А я мог задерживать дыхание в момент инструментального наблюдения, и я совершенно не думал сопротивляться комарам. Инженеры и техники покрывали нивелировкой едва один километр хода в день, а я четыре-пять километров! И без рубки леса, без всяких жердей.
Вечером, после ужина, я беседовал с рабочими на политические темы, для чего и был послан обкомом…
Еще позднее, когда рабочие укладывались спать, Василий расспрашивал инженеров и геологов об их специальности и науках. Ему казалось, что он получал исключительно широкие сведения из области самых разнообразных наук. Ему захотелось стать горным инженером.

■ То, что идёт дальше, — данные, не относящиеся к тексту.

(* Consider the reaction network (BIII) on the fourteen species $\mathrm{NE}_i,\mathrm{NI}_i,\mathrm{N}_i,\mathrm{D}_{si},\mathrm{D}_i,\mathrm{T}_i,\mathrm{B}_i$ ($i=1,2$) with irreversible reactions \[ \begin{aligned} &11:\ \mathrm{NI}_1+\mathrm{NE}_1\to\mathrm{N}_1, && 21:\ \mathrm{NI}_2+\mathrm{NE}_2\to\mathrm{N}_2,\\ &12:\ \mathrm{N}_1+\mathrm{D}_2\to\mathrm{NI}_1+\mathrm{T}_2, && 22:\ \mathrm{N}_2+\mathrm{D}_1\to\mathrm{NI}_2+\mathrm{T}_1,\\ &16:\ \mathrm{N}_1+\mathrm{D}_{s2}\to\mathrm{B}_2, && 26:\ \mathrm{N}_2+\mathrm{D}_{s1}\to\mathrm{B}_1,\\ &17:\ \mathrm{B}_2\to\mathrm{N}_1+\mathrm{D}_{s2}, && 27:\ \mathrm{B}_1\to\mathrm{N}_2+\mathrm{D}_{s1},\\ &18:\ \mathrm{D}_{s1}\to\mathrm{D}_1, && 28:\ \mathrm{D}_{s2}\to\mathrm{D}_2,\\ &19:\ \mathrm{T}_1\to\mathrm{NE}_1+\mathrm{D}_{s1}, && 29:\ \mathrm{T}_2\to\mathrm{NE}_2+\mathrm{D}_{s2}, \end{aligned} \] and the associated ODE system \[ \begin{cases} [\dot{\mathrm{NE}}_1]=-r_{11}([\mathrm{NI}_1],[\mathrm{NE}_1])+r_{19}([\mathrm{T}_1]),\\ [\dot{\mathrm{NI}}_1]=r_{12}([\mathrm{N}_1],[\mathrm{D}_2])-r_{11}([\mathrm{NI}_1],[\mathrm{NE}_1]),\\ [\dot{\mathrm{N}}_1]=-r_{12}([\mathrm{N}_1],[\mathrm{D}_2])+r_{11}([\mathrm{NI}_1],[\mathrm{NE}_1])-r_{16}([\mathrm{N}_1],[\mathrm{D}_{s2}])+r_{17}([\mathrm{B}_2]),\\ [\dot{\mathrm{D}}_{s1}]=r_{19}([\mathrm{T}_1])-r_{26}([\mathrm{N}_2],[\mathrm{D}_{s1}])+r_{27}([\mathrm{B}_1])-r_{18}([\mathrm{D}_{s1}]),\\ [\dot{\mathrm{D}}_1]=r_{18}([\mathrm{D}_{s1}])-r_{22}([\mathrm{N}_2],[\mathrm{D}_1]),\\ [\dot{\mathrm{T}}_1]=-r_{19}([\mathrm{T}_1])+r_{22}([\mathrm{N}_2],[\mathrm{D}_1]),\\ [\dot{\mathrm{B}}_1]=r_{26}([\mathrm{N}_2],[\mathrm{D}_{s1}])-r_{27}([\mathrm{B}_1]),\\ [\dot{\mathrm{NE}}_2]=-r_{21}([\mathrm{NI}_2],[\mathrm{NE}_2])+r_{29}([\mathrm{T}_2]),\\ [\dot{\mathrm{NI}}_2]=r_{22}([\mathrm{N}_2],[\mathrm{D}_1])-r_{21}([\mathrm{NI}_2],[\mathrm{NE}_2]),\\ [\dot{\mathrm{N}}_2]=-r_{26}([\mathrm{N}_2],[\mathrm{D}_{s1}])+r_{27}([\mathrm{B}_1])-r_{22}([\mathrm{N}_2],[\mathrm{D}_1])+r_{21}([\mathrm{NI}_2],[\mathrm{NE}_2]),\\ [\dot{\mathrm{D}}_{s2}]=r_{29}([\mathrm{T}_2])-r_{16}([\mathrm{N}_1],[\mathrm{D}_{s2}])+r_{17}([\mathrm{B}_2])-r_{28}([\mathrm{D}_{s2}]),\\ [\dot{\mathrm{D}}_2]=-r_{12}([\mathrm{N}_1],[\mathrm{D}_2])+r_{28}([\mathrm{D}_{s2}]),\\ [\dot{\mathrm{T}}_2]=r_{12}([\mathrm{N}_1],[\mathrm{D}_2])-r_{29}([\mathrm{T}_2]),\\ [\dot{\mathrm{B}}_2]=r_{16}([\mathrm{N}_1],[\mathrm{D}_{s2}])-r_{17}([\mathrm{B}_2]), \end{cases} \] with the kinetic symmetry constraints $r_{1k}\equiv r_{2k}$ for $k=1,2,6,7,8,9$. Then the system has the capacity for zero-eigenvalue bifurcations and thus for differentiation. Moreover, up to the symmetry swapping the cell indices $1\leftrightarrow2$, there is exactly one instability motif associated to an unstable-positive feedback, namely, for $(j,k)=(1,2)$ and $(j,k)=(2,1)$, the subnetwork with species $\{\mathrm{N}_j,\mathrm{D}_{sk},\mathrm{D}_k,\mathrm{T}_k\}$ and reactions $\{j2,\ j6,\ k8,\ k9\}$ (i.e. $\mathrm{N}_j+\mathrm{D}_k\to\mathrm{T}_k+\dots$, $\mathrm{N}_j+\mathrm{D}_{sk}\to\dots$, $\mathrm{D}_{sk}\to\mathrm{D}_k$, $\mathrm{T}_k\to\mathrm{D}_{sk}+\dots$). This motif identifies non-autocatalytic positive feedback, and the network (BIII) is non-autocatalytic.
   Context: General setting. A reaction network has species $X_1,\dots,X_M$ and irreversible reactions $j:\ \sum_m s^j_m X_m\to\sum_m \tilde s^j_m X_m$ with nonnegative stoichiometric coefficients; $X_m$ is a reactant of $j$ if $s^j_m>0$. The stoichiometric matrix is $S_{mj}=\tilde s^j_m-s^j_m$; the ODE system is $\dot x=S\mathbf r(x)$ with rates $r_j$ that are monotone chemical: (i) $r_j\ge0$ on $\mathbb R^M_{\ge0}$; (ii) $r_j(x)>0$ iff $x_m>0$ for all reactants $X_m$ of $j$; (iii) $\partial r_j/\partial x_m\equiv0$ if $X_m$ is not a reactant of $j$; (iv) $\partial r_j/\partial x_m>0$ for $x>0$ and $X_m$ a reactant of $j$. Kinetics are assumed parameter-rich: at any positive steady state the partial derivatives $\partial r_j/\partial x_m$ (for reactants) can be prescribed as arbitrary positive numbers. Symbolic analysis: $R$ is the symbolic reactivity matrix ($R_{jm}=r_{jm}>0$ a symbol if $X_m$ is a reactant of $j$, else $0$), $G=SR$ the symbolic Jacobian, $n=\dim\ker S^T$, and $a_{M-n}$ the sum of the principal minors of order $M-n$ of $G$ (for a nondegenerate network, the determinant of the Jacobian restricted to a stoichiometric compatibility class $(x_0+\operatorname{Im}S)\cap\mathbb R^M_{>0}$). The network has the capacity for zero-eigenvalue bifurcation (differentiation) if there exist positive symbol values with $a_{M-n}=0$ satisfying kinetic symmetry at a homogeneous steady state, i.e. $r_{jm}=r_{\sigma(j)\sigma(m)}$ where $\sigma$ swaps cell indices $1\leftrightarrow2$ of reactions and species. A $k$-Child-Selection (CS) triple $(\kappa,E_\kappa,J)$: $k$ species $\kappa$, $k$ reactions $E_\kappa$, bijection $J:\kappa\to E_\kappa$ with each $X_m\in\kappa$ a reactant of $J(X_m)$; its CS-matrix is $S[\kappa]_{ml}=S_{m,J(X_l)}$, $X_m,X_l\in\kappa$. An unstable-positive feedback is a $k\times k$ CS-matrix with $\operatorname{sign}\det S[\kappa]=(-1)^{k-1}$ such that no principal $k'\times k'$ submatrix, $k'<k$, has determinant of sign $(-1)^{k'-1}$. Its instability motif is the subnetwork with species $\kappa$ and reactions $E_\kappa$ (other species are disregarded). An unstable-positive feedback is autocatalytic if it is a Metzler matrix (nonnegative off-diagonal entries); a network is autocatalytic if it has an autocatalytic unstable-positive feedback, non-autocatalytic otherwise. *)

theory Defs
  imports "HOL-Analysis.Analysis"
begin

Еще позднее, когда инженеры уставали от его жадных расспросов и принимались храпеть, Василий вытаскивал учебники из мешка, служившего ему подушкой, и готовился по одиннадцати предметам второго курса.
— …Но больше я успевал заниматься в дождливые дни.
Я очень хорошо рублю лес, прекрасно переплавляю плоты, очень хорошо владею лодками. Таким образом, я тут отличился здорово. Народ меня очень полюбил, и, когда кто-нибудь не успевал, я помогал. И когда мы проходили густую чащу леса, я сам возглавлял эту рубку.
Бывало, отточишь остро, как следует, и рубишь!.. Так и получилось, что я всю жизнь рубил лес и попутно занимался культурно-просветительной работой, а учился я ночью и еще в дождливые дни.
После курсов направили меня на проведение классового землеустройства. Тут уже никакой учебы не было.
Разговаривал с каждым крестьянином во всем районе!
Однажды меня ударили поленом по спине. Положили на две недели. Другие уполномоченные тоже бывали избиты и лежали в больнице. Но мы верили в успех нашего дела, потому что мы работали крепко на советскую власть. Я обеспечил лучшее среди всех районов области строительство колхозов!..
Тогда я потребовал дать мне возможность учиться.
Мне дали командировку на курсы подготовки в вуз. Проучился февраль, полный март и апрель, в апреле сдал за девятимесячный курс и подал заявление с просьбой направить меня в Московскую Горную академию. Но краевой отдел народного образования отказал и предложил мне поступить в Молочный институт в Вологде. В Молочный институт!.. — У него сияло лицо и голос зазвучал сдавленно от внутреннего смеха. — Человек просится в Горную! Я стал подавать одно заявление за другим до тех пор, пока облисполком не вынес специальное решение командировать меня в Горную академию.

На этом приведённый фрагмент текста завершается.